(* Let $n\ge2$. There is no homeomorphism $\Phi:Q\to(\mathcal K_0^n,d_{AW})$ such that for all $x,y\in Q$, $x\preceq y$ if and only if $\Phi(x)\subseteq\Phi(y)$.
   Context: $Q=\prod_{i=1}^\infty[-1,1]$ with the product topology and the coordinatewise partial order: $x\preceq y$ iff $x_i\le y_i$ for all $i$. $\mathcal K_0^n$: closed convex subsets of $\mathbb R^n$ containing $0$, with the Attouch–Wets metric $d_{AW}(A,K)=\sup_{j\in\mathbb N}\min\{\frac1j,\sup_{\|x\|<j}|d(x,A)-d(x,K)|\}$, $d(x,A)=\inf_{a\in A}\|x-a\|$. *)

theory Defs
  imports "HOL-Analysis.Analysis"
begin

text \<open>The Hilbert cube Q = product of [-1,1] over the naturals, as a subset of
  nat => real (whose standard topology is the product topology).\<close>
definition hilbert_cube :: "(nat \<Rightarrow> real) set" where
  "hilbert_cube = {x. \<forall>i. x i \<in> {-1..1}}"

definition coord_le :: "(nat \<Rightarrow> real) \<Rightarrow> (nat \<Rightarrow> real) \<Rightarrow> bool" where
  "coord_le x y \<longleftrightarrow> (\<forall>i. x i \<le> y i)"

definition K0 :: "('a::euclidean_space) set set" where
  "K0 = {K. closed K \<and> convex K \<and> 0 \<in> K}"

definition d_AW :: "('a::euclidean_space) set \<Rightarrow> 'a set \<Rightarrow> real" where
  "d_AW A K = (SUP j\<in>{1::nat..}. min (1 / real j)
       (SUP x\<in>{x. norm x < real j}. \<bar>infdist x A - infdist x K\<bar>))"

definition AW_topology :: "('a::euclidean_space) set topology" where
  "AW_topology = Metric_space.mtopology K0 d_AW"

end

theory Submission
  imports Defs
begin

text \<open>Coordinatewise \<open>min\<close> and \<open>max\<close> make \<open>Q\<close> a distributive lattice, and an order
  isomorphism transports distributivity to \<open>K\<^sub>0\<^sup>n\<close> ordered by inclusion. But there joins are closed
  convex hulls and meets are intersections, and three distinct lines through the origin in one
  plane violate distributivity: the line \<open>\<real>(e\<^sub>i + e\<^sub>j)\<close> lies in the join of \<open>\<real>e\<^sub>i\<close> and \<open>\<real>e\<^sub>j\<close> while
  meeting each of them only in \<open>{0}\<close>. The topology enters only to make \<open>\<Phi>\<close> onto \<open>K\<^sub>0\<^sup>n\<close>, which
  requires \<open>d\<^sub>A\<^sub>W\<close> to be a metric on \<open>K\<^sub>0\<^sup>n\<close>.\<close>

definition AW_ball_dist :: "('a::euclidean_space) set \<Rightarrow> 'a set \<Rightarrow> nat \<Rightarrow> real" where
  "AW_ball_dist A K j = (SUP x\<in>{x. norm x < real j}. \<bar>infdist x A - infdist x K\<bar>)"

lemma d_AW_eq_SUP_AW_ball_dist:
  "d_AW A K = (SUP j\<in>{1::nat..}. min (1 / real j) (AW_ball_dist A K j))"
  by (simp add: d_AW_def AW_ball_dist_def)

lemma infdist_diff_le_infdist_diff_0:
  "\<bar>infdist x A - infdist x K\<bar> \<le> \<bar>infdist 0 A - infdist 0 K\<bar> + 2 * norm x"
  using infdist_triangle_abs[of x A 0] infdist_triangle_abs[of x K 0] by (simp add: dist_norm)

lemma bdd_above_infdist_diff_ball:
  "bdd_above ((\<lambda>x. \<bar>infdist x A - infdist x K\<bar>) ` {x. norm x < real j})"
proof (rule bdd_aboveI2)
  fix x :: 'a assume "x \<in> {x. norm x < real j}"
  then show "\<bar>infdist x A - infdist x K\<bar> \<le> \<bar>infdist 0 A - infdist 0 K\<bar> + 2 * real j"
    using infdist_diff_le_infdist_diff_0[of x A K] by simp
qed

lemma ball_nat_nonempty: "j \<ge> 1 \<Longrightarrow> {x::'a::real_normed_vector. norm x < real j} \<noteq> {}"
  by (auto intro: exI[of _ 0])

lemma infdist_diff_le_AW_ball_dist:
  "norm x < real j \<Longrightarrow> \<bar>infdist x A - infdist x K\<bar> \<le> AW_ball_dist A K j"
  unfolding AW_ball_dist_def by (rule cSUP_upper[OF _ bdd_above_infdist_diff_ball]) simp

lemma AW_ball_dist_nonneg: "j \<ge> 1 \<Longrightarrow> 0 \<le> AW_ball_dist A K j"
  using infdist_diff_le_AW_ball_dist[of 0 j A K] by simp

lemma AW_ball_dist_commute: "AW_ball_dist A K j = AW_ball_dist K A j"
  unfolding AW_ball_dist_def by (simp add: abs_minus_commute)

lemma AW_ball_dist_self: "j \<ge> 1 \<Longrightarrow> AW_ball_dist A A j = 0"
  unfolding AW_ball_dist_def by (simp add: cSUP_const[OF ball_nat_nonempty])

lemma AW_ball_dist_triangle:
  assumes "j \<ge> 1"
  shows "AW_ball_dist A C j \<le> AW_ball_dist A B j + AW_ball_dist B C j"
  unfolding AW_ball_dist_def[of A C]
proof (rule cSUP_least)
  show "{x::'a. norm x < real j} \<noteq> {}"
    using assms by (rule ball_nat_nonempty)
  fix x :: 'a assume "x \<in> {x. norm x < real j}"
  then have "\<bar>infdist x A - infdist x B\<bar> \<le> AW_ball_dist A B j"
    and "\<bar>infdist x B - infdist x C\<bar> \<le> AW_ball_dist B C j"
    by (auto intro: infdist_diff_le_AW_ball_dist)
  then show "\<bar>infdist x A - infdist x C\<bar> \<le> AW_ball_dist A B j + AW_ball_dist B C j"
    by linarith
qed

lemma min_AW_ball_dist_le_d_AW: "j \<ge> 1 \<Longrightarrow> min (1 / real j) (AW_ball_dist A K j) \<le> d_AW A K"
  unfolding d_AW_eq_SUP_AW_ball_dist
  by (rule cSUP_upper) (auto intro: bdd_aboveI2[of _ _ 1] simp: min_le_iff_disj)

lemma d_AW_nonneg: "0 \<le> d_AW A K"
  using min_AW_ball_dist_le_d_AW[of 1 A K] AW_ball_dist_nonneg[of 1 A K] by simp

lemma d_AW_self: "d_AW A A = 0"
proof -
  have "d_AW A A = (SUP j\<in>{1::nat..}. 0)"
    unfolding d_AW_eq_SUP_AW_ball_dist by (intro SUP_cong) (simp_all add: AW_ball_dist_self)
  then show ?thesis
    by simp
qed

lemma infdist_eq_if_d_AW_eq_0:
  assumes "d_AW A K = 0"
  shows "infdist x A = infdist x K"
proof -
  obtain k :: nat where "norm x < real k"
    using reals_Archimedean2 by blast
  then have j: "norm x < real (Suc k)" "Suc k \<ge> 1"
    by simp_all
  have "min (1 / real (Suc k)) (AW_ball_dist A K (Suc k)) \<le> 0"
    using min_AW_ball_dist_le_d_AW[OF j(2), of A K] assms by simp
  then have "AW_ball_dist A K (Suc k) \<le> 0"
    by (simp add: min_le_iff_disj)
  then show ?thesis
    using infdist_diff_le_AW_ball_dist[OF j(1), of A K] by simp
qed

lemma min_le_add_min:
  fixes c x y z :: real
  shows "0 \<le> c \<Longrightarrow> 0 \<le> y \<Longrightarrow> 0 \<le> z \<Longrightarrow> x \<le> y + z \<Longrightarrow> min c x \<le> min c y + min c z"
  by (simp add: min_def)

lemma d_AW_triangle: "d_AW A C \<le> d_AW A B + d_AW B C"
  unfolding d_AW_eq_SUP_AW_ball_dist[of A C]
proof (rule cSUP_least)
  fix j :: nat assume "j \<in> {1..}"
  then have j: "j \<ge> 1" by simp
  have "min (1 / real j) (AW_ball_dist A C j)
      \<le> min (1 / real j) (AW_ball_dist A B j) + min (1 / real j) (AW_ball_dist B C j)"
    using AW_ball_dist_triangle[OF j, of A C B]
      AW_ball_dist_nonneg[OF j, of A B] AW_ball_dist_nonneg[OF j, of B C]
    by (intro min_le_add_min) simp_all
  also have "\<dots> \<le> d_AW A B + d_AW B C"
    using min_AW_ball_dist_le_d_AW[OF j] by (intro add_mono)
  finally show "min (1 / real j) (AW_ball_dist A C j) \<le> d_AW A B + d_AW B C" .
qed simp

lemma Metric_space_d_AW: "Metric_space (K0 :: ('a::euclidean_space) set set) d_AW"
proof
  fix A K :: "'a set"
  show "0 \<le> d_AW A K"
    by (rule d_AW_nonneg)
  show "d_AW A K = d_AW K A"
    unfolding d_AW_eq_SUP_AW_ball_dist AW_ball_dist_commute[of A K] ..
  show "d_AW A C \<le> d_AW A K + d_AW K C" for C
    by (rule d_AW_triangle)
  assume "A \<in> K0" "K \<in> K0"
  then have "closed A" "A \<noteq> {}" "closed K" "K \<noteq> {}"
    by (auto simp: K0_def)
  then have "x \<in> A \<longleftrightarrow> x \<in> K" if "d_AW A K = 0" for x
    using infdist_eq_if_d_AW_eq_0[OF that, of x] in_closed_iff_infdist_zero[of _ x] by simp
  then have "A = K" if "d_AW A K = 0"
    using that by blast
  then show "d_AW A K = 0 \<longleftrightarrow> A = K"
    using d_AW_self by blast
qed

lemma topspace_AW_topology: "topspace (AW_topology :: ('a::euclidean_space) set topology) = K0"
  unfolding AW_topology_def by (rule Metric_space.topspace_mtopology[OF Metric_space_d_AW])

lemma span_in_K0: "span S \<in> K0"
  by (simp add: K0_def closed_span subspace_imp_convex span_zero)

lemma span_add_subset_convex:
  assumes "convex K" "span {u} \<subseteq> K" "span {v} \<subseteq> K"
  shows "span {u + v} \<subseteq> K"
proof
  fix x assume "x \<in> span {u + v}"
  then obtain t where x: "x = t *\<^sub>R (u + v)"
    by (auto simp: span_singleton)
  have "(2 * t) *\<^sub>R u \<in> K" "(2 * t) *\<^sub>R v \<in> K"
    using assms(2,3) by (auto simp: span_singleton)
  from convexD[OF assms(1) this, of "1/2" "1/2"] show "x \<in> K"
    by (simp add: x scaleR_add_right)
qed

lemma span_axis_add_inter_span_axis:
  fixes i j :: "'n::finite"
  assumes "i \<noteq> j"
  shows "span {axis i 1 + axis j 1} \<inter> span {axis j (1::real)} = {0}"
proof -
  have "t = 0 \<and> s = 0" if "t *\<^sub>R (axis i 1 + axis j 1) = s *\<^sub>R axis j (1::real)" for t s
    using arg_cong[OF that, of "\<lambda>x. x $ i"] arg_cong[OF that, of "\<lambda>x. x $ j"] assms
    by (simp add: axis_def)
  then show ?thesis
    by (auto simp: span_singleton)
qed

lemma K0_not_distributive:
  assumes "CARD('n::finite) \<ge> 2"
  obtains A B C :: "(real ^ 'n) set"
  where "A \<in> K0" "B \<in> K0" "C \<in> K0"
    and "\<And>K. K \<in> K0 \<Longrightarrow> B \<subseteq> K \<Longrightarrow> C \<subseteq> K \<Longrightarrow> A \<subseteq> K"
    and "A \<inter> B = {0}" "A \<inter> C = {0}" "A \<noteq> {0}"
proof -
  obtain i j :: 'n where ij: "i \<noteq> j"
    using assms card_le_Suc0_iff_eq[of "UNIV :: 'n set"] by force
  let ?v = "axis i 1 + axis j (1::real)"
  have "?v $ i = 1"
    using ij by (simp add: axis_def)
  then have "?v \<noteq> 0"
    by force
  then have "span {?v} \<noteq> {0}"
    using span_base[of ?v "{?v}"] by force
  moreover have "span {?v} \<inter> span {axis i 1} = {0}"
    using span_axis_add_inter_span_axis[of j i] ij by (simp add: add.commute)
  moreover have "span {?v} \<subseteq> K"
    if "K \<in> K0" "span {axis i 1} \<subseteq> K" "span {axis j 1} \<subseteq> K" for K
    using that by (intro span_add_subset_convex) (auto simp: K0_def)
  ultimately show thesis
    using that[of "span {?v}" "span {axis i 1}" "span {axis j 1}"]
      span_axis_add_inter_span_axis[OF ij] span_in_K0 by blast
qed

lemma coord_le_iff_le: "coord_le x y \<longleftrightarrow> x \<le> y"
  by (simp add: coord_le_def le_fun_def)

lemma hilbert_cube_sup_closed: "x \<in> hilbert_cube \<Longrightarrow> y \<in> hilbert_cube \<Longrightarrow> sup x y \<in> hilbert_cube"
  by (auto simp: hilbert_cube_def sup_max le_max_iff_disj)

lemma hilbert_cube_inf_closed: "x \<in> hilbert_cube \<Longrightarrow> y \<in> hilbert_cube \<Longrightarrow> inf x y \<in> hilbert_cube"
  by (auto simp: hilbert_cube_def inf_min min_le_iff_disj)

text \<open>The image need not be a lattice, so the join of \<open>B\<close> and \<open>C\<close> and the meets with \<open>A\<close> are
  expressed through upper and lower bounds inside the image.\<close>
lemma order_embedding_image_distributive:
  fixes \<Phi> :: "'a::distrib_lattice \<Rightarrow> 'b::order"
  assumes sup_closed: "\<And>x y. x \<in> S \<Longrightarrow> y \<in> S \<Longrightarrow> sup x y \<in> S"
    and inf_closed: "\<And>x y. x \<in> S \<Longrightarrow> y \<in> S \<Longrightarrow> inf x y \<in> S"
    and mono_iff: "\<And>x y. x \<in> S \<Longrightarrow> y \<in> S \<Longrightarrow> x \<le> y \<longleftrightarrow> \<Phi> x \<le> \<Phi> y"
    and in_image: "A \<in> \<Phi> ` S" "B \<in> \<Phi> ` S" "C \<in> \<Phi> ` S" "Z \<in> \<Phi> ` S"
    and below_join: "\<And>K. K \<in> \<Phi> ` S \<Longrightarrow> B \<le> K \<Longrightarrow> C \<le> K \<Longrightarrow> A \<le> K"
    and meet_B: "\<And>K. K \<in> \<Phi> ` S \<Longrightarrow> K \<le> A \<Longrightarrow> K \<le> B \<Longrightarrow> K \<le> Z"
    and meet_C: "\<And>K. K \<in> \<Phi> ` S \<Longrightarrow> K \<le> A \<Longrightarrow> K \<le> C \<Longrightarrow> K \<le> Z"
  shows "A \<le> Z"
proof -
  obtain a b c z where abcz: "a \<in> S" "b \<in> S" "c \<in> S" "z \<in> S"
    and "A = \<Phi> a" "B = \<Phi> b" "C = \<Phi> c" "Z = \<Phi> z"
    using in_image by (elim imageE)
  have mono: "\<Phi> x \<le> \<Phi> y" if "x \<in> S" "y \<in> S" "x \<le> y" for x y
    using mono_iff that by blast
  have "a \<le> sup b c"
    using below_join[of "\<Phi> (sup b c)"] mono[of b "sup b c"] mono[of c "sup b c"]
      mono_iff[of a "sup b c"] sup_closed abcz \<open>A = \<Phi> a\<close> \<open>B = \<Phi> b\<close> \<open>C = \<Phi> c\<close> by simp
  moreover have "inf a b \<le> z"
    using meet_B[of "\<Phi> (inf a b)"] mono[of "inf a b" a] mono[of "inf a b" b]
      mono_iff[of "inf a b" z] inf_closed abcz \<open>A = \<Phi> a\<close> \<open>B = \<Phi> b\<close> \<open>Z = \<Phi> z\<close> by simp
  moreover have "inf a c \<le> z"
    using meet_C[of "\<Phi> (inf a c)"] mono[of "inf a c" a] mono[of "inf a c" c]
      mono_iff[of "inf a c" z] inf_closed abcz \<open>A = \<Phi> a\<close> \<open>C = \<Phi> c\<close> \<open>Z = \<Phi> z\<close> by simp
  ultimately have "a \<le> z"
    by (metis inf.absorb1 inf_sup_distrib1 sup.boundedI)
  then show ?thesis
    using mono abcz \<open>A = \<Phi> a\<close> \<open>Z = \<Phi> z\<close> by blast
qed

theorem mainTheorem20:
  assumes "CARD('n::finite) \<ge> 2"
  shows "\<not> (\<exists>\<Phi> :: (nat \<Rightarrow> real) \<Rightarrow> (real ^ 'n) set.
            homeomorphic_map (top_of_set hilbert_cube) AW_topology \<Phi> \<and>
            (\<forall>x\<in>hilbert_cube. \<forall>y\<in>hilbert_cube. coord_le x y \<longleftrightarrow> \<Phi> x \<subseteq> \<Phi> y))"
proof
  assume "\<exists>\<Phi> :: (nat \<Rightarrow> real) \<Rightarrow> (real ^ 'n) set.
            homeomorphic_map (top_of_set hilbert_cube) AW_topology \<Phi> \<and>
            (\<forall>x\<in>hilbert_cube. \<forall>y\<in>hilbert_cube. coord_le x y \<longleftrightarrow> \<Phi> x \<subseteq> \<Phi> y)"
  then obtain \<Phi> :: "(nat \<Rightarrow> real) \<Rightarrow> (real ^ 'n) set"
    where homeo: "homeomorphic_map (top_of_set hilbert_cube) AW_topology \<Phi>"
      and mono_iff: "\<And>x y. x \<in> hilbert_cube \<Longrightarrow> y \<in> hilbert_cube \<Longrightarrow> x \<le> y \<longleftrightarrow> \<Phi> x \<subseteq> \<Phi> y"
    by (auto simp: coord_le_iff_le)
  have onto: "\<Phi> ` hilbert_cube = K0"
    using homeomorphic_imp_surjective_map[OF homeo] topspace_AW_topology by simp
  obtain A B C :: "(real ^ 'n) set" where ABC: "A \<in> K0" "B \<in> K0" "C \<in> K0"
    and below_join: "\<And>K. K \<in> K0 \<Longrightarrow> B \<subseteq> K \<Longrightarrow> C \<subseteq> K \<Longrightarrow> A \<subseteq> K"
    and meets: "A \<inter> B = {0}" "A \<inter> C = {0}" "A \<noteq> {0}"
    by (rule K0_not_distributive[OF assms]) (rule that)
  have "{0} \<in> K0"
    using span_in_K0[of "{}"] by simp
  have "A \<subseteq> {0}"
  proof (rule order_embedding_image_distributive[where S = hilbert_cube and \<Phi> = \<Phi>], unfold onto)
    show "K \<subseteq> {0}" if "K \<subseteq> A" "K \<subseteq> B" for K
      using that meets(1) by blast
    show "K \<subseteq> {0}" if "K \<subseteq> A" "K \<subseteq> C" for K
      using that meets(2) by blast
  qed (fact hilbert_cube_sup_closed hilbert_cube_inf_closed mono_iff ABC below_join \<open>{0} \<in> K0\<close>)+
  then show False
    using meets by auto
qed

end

■ Problem statement:
Which lines of the material contain the string "auto"? List each of them.

■ Answer space:
  by (auto intro: exI[of _ 0])
    by (auto intro: infdist_diff_le_AW_ball_dist)
  by (rule cSUP_upper) (auto intro: bdd_aboveI2[of _ _ 1] simp: min_le_iff_disj)
    by (auto simp: K0_def)
    by (auto simp: span_singleton)
    using assms(2,3) by (auto simp: span_singleton)
    by (auto simp: span_singleton)
    using that by (intro span_add_subset_convex) (auto simp: K0_def)
  by (auto simp: hilbert_cube_def sup_max le_max_iff_disj)
  by (auto simp: hilbert_cube_def inf_min min_le_iff_disj)
    by (auto simp: coord_le_iff_le)
    using meets by auto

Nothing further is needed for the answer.